**Problem statement**
In the material below, the required lines run from the one containing "x, h) = lift" through the one containing "H) = A_series". Copy those lines exactly, ends included, and nothing else.

_ _ _ _ _

(* Let $G$ be a finite group and $H$ a finite abelian group. Then $A_{G\times H}(t)=A_G(|H|t)$ and $B_{G\times H}(t)=B_G(|H|t)$.
   Context: For a finite group $G$ and $n\ge 0$, $G$ acts on $G^n$ by simultaneous conjugation. Let $G^{(n)}\subseteq G^n$ be the set of $n$-tuples of pairwise commuting elements. Let $\alpha_{G,n}$ (resp. $\beta_{G,n}$) be the number of $G$-orbits on $G^n$ (resp. on $G^{(n)}$), and set $A_G(t)=\sum_{n\ge0}\alpha_{G,n}t^n$, $B_G(t)=\sum_{n\ge0}\beta_{G,n}t^n$. *)

theory Defs
  imports "HOL-Algebra.Group" "HOL-Computational_Algebra.Formal_Power_Series"
begin

definition tuples :: "('a, 'b) monoid_scheme \<Rightarrow> nat \<Rightarrow> (nat \<Rightarrow> 'a) set" where
  "tuples G n = {0..<n} \<rightarrow>\<^sub>E carrier G"

definition commuting_tuples :: "('a, 'b) monoid_scheme \<Rightarrow> nat \<Rightarrow> (nat \<Rightarrow> 'a) set" where
  "commuting_tuples G n = {x \<in> tuples G n. \<forall>i<n. \<forall>j<n. x i \<otimes>\<^bsub>G\<^esub> x j = x j \<otimes>\<^bsub>G\<^esub> x i}"

definition conj_orbit :: "('a, 'b) monoid_scheme \<Rightarrow> nat \<Rightarrow> (nat \<Rightarrow> 'a) \<Rightarrow> (nat \<Rightarrow> 'a) set" where
  "conj_orbit G n x = {y \<in> tuples G n. \<exists>g\<in>carrier G. \<forall>i<n. y i = g \<otimes>\<^bsub>G\<^esub> x i \<otimes>\<^bsub>G\<^esub> inv\<^bsub>G\<^esub> g}"

definition alpha :: "('a, 'b) monoid_scheme \<Rightarrow> nat \<Rightarrow> nat" where
  "alpha G n = card (conj_orbit G n ` tuples G n)"

definition beta :: "('a, 'b) monoid_scheme \<Rightarrow> nat \<Rightarrow> nat" where
  "beta G n = card (conj_orbit G n ` commuting_tuples G n)"

definition A_series :: "('a, 'b) monoid_scheme \<Rightarrow> nat fps" where
  "A_series G = Abs_fps (alpha G)"

definition B_series :: "('a, 'b) monoid_scheme \<Rightarrow> nat fps" where
  "B_series G = Abs_fps (beta G)"

end

theory Submission
  imports Defs
begin

text \<open>
  A tuple over \<open>G \<times> H\<close> is a pair of a tuple \<open>x\<close> over \<open>G\<close> and a tuple \<open>h\<close> over \<open>H\<close>.
  Conjugation by \<open>(g, k)\<close> conjugates \<open>x\<close> by \<open>g\<close> and, \<open>H\<close> being abelian, fixes \<open>h\<close>;
  so the orbit of \<open>(x, h)\<close> is the orbit of \<open>x\<close> with \<open>h\<close> attached, and the orbits over
  \<open>G \<times> H\<close> correspond bijectively to pairs of an orbit over \<open>G\<close> and an \<open>n\<close>-tuple over \<open>H\<close>.
  A tuple over \<open>G \<times> H\<close> commutes iff both components do, which is automatic in \<open>H\<close>.
  Hence \<open>\<alpha>\<^sub>n\<close> and \<open>\<beta>\<^sub>n\<close> are multiplied by \<open>|H|\<^sup>n\<close>, i.e. \<open>t\<close> becomes \<open>|H| t\<close>.
\<close>

unbundle fps_syntax

definition pair_tuple :: "nat \<Rightarrow> (nat \<Rightarrow> 'a) \<Rightarrow> (nat \<Rightarrow> 'c) \<Rightarrow> nat \<Rightarrow> 'a \<times> 'c" where
  "pair_tuple n x h = (\<lambda>i\<in>{0..<n}. (x i, h i))"

definition conj_tuple :: "('a, 'b) monoid_scheme \<Rightarrow> nat \<Rightarrow> 'a \<Rightarrow> (nat \<Rightarrow> 'a) \<Rightarrow> nat \<Rightarrow> 'a" where
  "conj_tuple G n g x = (\<lambda>i\<in>{0..<n}. g \<otimes>\<^bsub>G\<^esub> x i \<otimes>\<^bsub>G\<^esub> inv\<^bsub>G\<^esub> g)"

lemma pair_tuple_eq_iff:
  assumes "x \<in> tuples G n" "x' \<in> tuples G n" "h \<in> tuples H n" "h' \<in> tuples H n"
  shows "pair_tuple n x h = pair_tuple n x' h' \<longleftrightarrow> x = x' \<and> h = h'"
proof
  assume eq: "pair_tuple n x h = pair_tuple n x' h'"
  have "x i = x' i \<and> h i = h' i" if "i < n" for i
    using fun_cong[OF eq, of i] that by (simp add: pair_tuple_def)
  with assms show "x = x' \<and> h = h'"
    unfolding tuples_def by (metis PiE_ext atLeastLessThan_iff)
qed simp

lemma tuples_DirProd:
  "tuples (G \<times>\<times> H) n = (\<lambda>(x, h). pair_tuple n x h) ` (tuples G n \<times> tuples H n)"
proof (intro equalityI subsetI)
  fix p assume p: "p \<in> tuples (G \<times>\<times> H) n"
  define x where "x = (\<lambda>i\<in>{0..<n}. fst (p i))"
  define h where "h = (\<lambda>i\<in>{0..<n}. snd (p i))"
  have "p = pair_tuple n x h"
    using p by (auto simp: x_def h_def tuples_def pair_tuple_def PiE_def extensional_def)
  moreover have "x \<in> tuples G n" "h \<in> tuples H n"
    using p by (auto simp: x_def h_def tuples_def PiE_iff mem_Times_iff)
  ultimately show "p \<in> (\<lambda>(x, h). pair_tuple n x h) ` (tuples G n \<times> tuples H n)"
    by blast
next
  fix p assume "p \<in> (\<lambda>(x, h). pair_tuple n x h) ` (tuples G n \<times> tuples H n)"
  then obtain x h where "x \<in> tuples G n" "h \<in> tuples H n" "p = pair_tuple n x h"
    by fastforce
  then show "p \<in> tuples (G \<times>\<times> H) n"
    by (auto simp: tuples_def pair_tuple_def)
qed

lemma commuting_tuples_subset: "commuting_tuples G n \<subseteq> tuples G n"
  by (simp add: commuting_tuples_def)

lemma commuting_tuples_DirProd:
  "commuting_tuples (G \<times>\<times> H) n
     = (\<lambda>(x, h). pair_tuple n x h) ` (commuting_tuples G n \<times> commuting_tuples H n)"
proof -
  have pair_commuting_iff: "pair_tuple n x h \<in> commuting_tuples (G \<times>\<times> H) n
      \<longleftrightarrow> x \<in> commuting_tuples G n \<and> h \<in> commuting_tuples H n"
    if "x \<in> tuples G n" "h \<in> tuples H n" for x h
    using that tuples_DirProd[of G H n] by (auto simp: commuting_tuples_def pair_tuple_def)
  show ?thesis
  proof (intro equalityI subsetI)
    fix p assume p: "p \<in> commuting_tuples (G \<times>\<times> H) n"
    then have "p \<in> tuples (G \<times>\<times> H) n"
      using commuting_tuples_subset by blast
    then obtain x h where xh: "x \<in> tuples G n" "h \<in> tuples H n" and p_eq: "p = pair_tuple n x h"
      unfolding tuples_DirProd by fastforce
    then have "(x, h) \<in> commuting_tuples G n \<times> commuting_tuples H n"
      using p pair_commuting_iff[OF xh] by simp
    with p_eq show "p \<in> (\<lambda>(x, h). pair_tuple n x h) ` (commuting_tuples G n \<times> commuting_tuples H n)"
      by (intro rev_image_eqI[of "(x, h)"]) simp_all
  next
    fix p assume "p \<in> (\<lambda>(x, h). pair_tuple n x h) ` (commuting_tuples G n \<times> commuting_tuples H n)"
    then obtain x h where xh: "x \<in> commuting_tuples G n" "h \<in> commuting_tuples H n"
      and p_eq: "p = pair_tuple n x h"
      by fastforce
    moreover have "x \<in> tuples G n" "h \<in> tuples H n"
      using xh commuting_tuples_subset by blast+
    ultimately show "p \<in> commuting_tuples (G \<times>\<times> H) n"
      using pair_commuting_iff by simp
  qed
qed

lemma commuting_tuples_comm_monoid:
  assumes "comm_monoid H"
  shows "commuting_tuples H n = tuples H n"
  using comm_monoid.m_comm[OF assms] unfolding commuting_tuples_def tuples_def by fastforce

lemma conj_tuple_in_tuples:
  assumes "group G" "g \<in> carrier G" "x \<in> tuples G n"
  shows "conj_tuple G n g x \<in> tuples G n"
  using assms
  by (auto simp: conj_tuple_def tuples_def PiE_iff
      intro!: group.inv_closed monoid.m_closed group.is_monoid)

lemma conj_orbit_subset: "conj_orbit G n x \<subseteq> tuples G n"
  by (auto simp: conj_orbit_def)

lemma conj_orbit_eq_image:
  assumes "group G" "x \<in> tuples G n"
  shows "conj_orbit G n x = (\<lambda>g. conj_tuple G n g x) ` carrier G"
proof (intro equalityI subsetI)
  fix y assume "y \<in> conj_orbit G n x"
  then obtain g where y: "y \<in> tuples G n" and g: "g \<in> carrier G"
    and conj: "\<forall>i<n. y i = g \<otimes>\<^bsub>G\<^esub> x i \<otimes>\<^bsub>G\<^esub> inv\<^bsub>G\<^esub> g"
    unfolding conj_orbit_def by blast
  have "y = conj_tuple G n g x"
    using y conj_tuple_in_tuples[OF assms(1) g assms(2)] conj
    unfolding tuples_def by (intro PiE_ext) (auto simp: conj_tuple_def)
  with g show "y \<in> (\<lambda>g. conj_tuple G n g x) ` carrier G" by blast
next
  fix y assume "y \<in> (\<lambda>g. conj_tuple G n g x) ` carrier G"
  then obtain g where g: "g \<in> carrier G" and y: "y = conj_tuple G n g x" by blast
  have "y \<in> tuples G n"
    using conj_tuple_in_tuples[OF assms(1) g assms(2)] y by simp
  with g y show "y \<in> conj_orbit G n x"
    unfolding conj_orbit_def by (auto simp: conj_tuple_def)
qed

lemma conj_orbit_self:
  assumes "group G" "x \<in> tuples G n"
  shows "x \<in> conj_orbit G n x"
proof -
  interpret G: group G by fact
  have "conj_tuple G n \<one>\<^bsub>G\<^esub> x = x"
    using assms(2) by (auto simp: conj_tuple_def tuples_def PiE_iff extensional_def)
  with assms show ?thesis
    by (metis conj_orbit_eq_image image_eqI G.one_closed)
qed

lemma conj_tuple_DirProd_comm_group:
  assumes "group G" "comm_group H"
    and "g \<in> carrier G" "k \<in> carrier H" "h \<in> tuples H n"
  shows "conj_tuple (G \<times>\<times> H) n (g, k) (pair_tuple n x h) = pair_tuple n (conj_tuple G n g x) h"
proof -
  interpret H: comm_group H by fact
  have "k \<otimes>\<^bsub>H\<^esub> h i \<otimes>\<^bsub>H\<^esub> inv\<^bsub>H\<^esub> k = h i" if "i < n" for i
  proof -
    have "h i \<in> carrier H"
      using \<open>h \<in> tuples H n\<close> that by (auto simp: tuples_def)
    with \<open>k \<in> carrier H\<close> show ?thesis
      by (simp add: H.m_comm[of k] H.m_assoc)
  qed
  then show ?thesis
    using assms by (auto simp: conj_tuple_def pair_tuple_def comm_group.axioms(2))
qed

lemma conj_orbit_pair_tuple:
  assumes "group G" "comm_group H" "x \<in> tuples G n" "h \<in> tuples H n"
  shows "conj_orbit (G \<times>\<times> H) n (pair_tuple n x h) = (\<lambda>y. pair_tuple n y h) ` conj_orbit G n x"
proof -
  have "group H"
    using assms(2) by (simp add: comm_group_def)
  then have "carrier H \<noteq> {}"
    using monoid.one_closed[OF group.is_monoid] by blast
  have "pair_tuple n x h \<in> tuples (G \<times>\<times> H) n"
    using assms(3,4) by (auto simp: tuples_DirProd)
  then have "conj_orbit (G \<times>\<times> H) n (pair_tuple n x h)
      = (\<lambda>(g, k). pair_tuple n (conj_tuple G n g x) h) ` (carrier G \<times> carrier H)"
    using assms DirProd_group[OF assms(1) \<open>group H\<close>]
    by (auto simp: conj_orbit_eq_image conj_tuple_DirProd_comm_group image_iff)
  also have "\<dots> = (\<lambda>g. pair_tuple n (conj_tuple G n g x) h) ` fst ` (carrier G \<times> carrier H)"
    by (simp only: image_image case_prod_unfold)
  also have "\<dots> = (\<lambda>g. pair_tuple n (conj_tuple G n g x) h) ` carrier G"
    using \<open>carrier H \<noteq> {}\<close> by simp
  finally show ?thesis
    using assms by (simp add: conj_orbit_eq_image image_image)
qed

lemma card_conj_orbits_DirProd_comm_group:
  fixes G :: "('a, 'b) monoid_scheme" and H :: "('c, 'd) monoid_scheme"
  assumes "group G" "comm_group H" "S \<subseteq> tuples G n"
  shows "card (conj_orbit (G \<times>\<times> H) n ` (\<lambda>(x, h). pair_tuple n x h) ` (S \<times> tuples H n))
    = card (conj_orbit G n ` S) * card (tuples H n)"
proof -
  define lift :: "(nat \<Rightarrow> 'a) set \<times> (nat \<Rightarrow> 'c) \<Rightarrow> (nat \<Rightarrow> 'a \<times> 'c) set"
    where "lift = (\<lambda>(orb, h). (\<lambda>y. pair_tuple n y h) ` orb)"
  have "conj_orbit (G \<times>\<times> H) n (pair_tuple n x h) = lift (conj_orbit G n x, h)"
    if "x \<in> S" "h \<in> tuples H n" for x h
    using conj_orbit_pair_tuple[OF assms(1,2) subsetD[OF assms(3) that(1)] that(2)]
    by (simp add: lift_def)
  then have "conj_orbit (G \<times>\<times> H) n ` (\<lambda>(x, h). pair_tuple n x h) ` (S \<times> tuples H n)
      = lift ` map_prod (conj_orbit G n) id ` (S \<times> tuples H n)"
    unfolding image_image by (intro image_cong) auto
  also have "\<dots> = lift ` (conj_orbit G n ` S \<times> tuples H n)"
    by (simp add: map_prod_surj_on)
  finally have orbits: "conj_orbit (G \<times>\<times> H) n ` (\<lambda>(x, h). pair_tuple n x h) ` (S \<times> tuples H n)
      = lift ` (conj_orbit G n ` S \<times> tuples H n)" .
  have "inj_on lift (conj_orbit G n ` S \<times> tuples H n)"
  proof (rule inj_onI, clarify)
    fix x h x' h'
    assume x: "x \<in> S" and h: "h \<in> tuples H n" and x': "x' \<in> S" and h': "h' \<in> tuples H n"
      and eq: "lift (conj_orbit G n x, h) = lift (conj_orbit G n x', h')"
    have "x \<in> conj_orbit G n x"
      using assms(1,3) x by (auto intro: conj_orbit_self)
    with eq obtain y where "y \<in> conj_orbit G n x'" "pair_tuple n x h = pair_tuple n y h'"
      by (auto simp: lift_def)
    then have "h = h'"
      using pair_tuple_eq_iff subsetD[OF assms(3) x] h h' conj_orbit_subset by blast
    moreover have "inj_on (\<lambda>y. pair_tuple n y h) (tuples G n)"
      using pair_tuple_eq_iff h by (blast intro: inj_onI)
    ultimately show "conj_orbit G n x = conj_orbit G n x' \<and> h = h'"
      using eq conj_orbit_subset[of G n x] conj_orbit_subset[of G n x']
      by (simp add: lift_def inj_on_image_eq_iff)
  qed
  then show ?thesis
    by (simp add: orbits card_image card_cartesian_product)
qed

lemma card_tuples: "finite (carrier G) \<Longrightarrow> card (tuples G n) = card (carrier G) ^ n"
  by (simp add: tuples_def card_PiE)

lemma alpha_DirProd_comm_group:
  assumes "group G" "comm_group H" "finite (carrier H)"
  shows "alpha (G \<times>\<times> H) n = card (carrier H) ^ n * alpha G n"
  using card_conj_orbits_DirProd_comm_group[OF assms(1,2) order_refl]
  by (simp add: alpha_def tuples_DirProd card_tuples[OF assms(3)])

lemma beta_DirProd_comm_group:
  assumes "group G" "comm_group H" "finite (carrier H)"
  shows "beta (G \<times>\<times> H) n = card (carrier H) ^ n * beta G n"
  using card_conj_orbits_DirProd_comm_group[OF assms(1,2) commuting_tuples_subset]
  by (simp add: beta_def commuting_tuples_DirProd commuting_tuples_comm_monoid
      comm_group.axioms(1)[OF assms(2)] card_tuples[OF assms(3)])

lemma fps_compose_scaled_X_nth:
  "(a oo (fps_const c * fps_X)) $ n = c ^ n * a $ n"
  for a :: "'a::comm_semiring_1 fps"
proof -
  have "(fps_const c * fps_X) ^ i $ n = (if i = n then c ^ n else 0)" for i
    by (simp add: power_mult_distrib)
  then show ?thesis
    by (simp add: fps_compose_nth mult_delta_right mult.commute)
qed

theorem corollary4p6:
  fixes G :: "('a, 'b) monoid_scheme" and H :: "('c, 'd) monoid_scheme"
  assumes "group G" and "finite (carrier G)"
    and "comm_group H" and "finite (carrier H)"
  shows "A_series (G \<times>\<times> H) = A_series G oo (of_nat (card (carrier H)) * fps_X)
    \<and> B_series (G \<times>\<times> H) = B_series G oo (of_nat (card (carrier H)) * fps_X)"
  using alpha_DirProd_comm_group[OF assms(1,3,4)] beta_DirProd_comm_group[OF assms(1,3,4)]
  by (simp add: A_series_def B_series_def fps_eq_iff fps_of_nat[symmetric] fps_compose_scaled_X_nth)

end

_ _ _ _ _

**Result for this task**
      and eq: "lift (conj_orbit G n x, h) = lift (conj_orbit G n x', h')"
    have "x \<in> conj_orbit G n x"
      using assms(1,3) x by (auto intro: conj_orbit_self)
    with eq obtain y where "y \<in> conj_orbit G n x'" "pair_tuple n x h = pair_tuple n y h'"
      by (auto simp: lift_def)
    then have "h = h'"
      using pair_tuple_eq_iff subsetD[OF assms(3) x] h h' conj_orbit_subset by blast
    moreover have "inj_on (\<lambda>y. pair_tuple n y h) (tuples G n)"
      using pair_tuple_eq_iff h by (blast intro: inj_onI)
    ultimately show "conj_orbit G n x = conj_orbit G n x' \<and> h = h'"
      using eq conj_orbit_subset[of G n x] conj_orbit_subset[of G n x']
      by (simp add: lift_def inj_on_image_eq_iff)
  qed
  then show ?thesis
    by (simp add: orbits card_image card_cartesian_product)
qed

lemma card_tuples: "finite (carrier G) \<Longrightarrow> card (tuples G n) = card (carrier G) ^ n"
  by (simp add: tuples_def card_PiE)

lemma alpha_DirProd_comm_group:
  assumes "group G" "comm_group H" "finite (carrier H)"
  shows "alpha (G \<times>\<times> H) n = card (carrier H) ^ n * alpha G n"
  using card_conj_orbits_DirProd_comm_group[OF assms(1,2) order_refl]
  by (simp add: alpha_def tuples_DirProd card_tuples[OF assms(3)])

lemma beta_DirProd_comm_group:
  assumes "group G" "comm_group H" "finite (carrier H)"
  shows "beta (G \<times>\<times> H) n = card (carrier H) ^ n * beta G n"
  using card_conj_orbits_DirProd_comm_group[OF assms(1,2) commuting_tuples_subset]
  by (simp add: beta_def commuting_tuples_DirProd commuting_tuples_comm_monoid
      comm_group.axioms(1)[OF assms(2)] card_tuples[OF assms(3)])

lemma fps_compose_scaled_X_nth:
  "(a oo (fps_const c * fps_X)) $ n = c ^ n * a $ n"
  for a :: "'a::comm_semiring_1 fps"
proof -
  have "(fps_const c * fps_X) ^ i $ n = (if i = n then c ^ n else 0)" for i
    by (simp add: power_mult_distrib)
  then show ?thesis
    by (simp add: fps_compose_nth mult_delta_right mult.commute)
qed

theorem corollary4p6:
  fixes G :: "('a, 'b) monoid_scheme" and H :: "('c, 'd) monoid_scheme"
  assumes "group G" and "finite (carrier G)"
    and "comm_group H" and "finite (carrier H)"
  shows "A_series (G \<times>\<times> H) = A_series G oo (of_nat (card (carrier H)) * fps_X)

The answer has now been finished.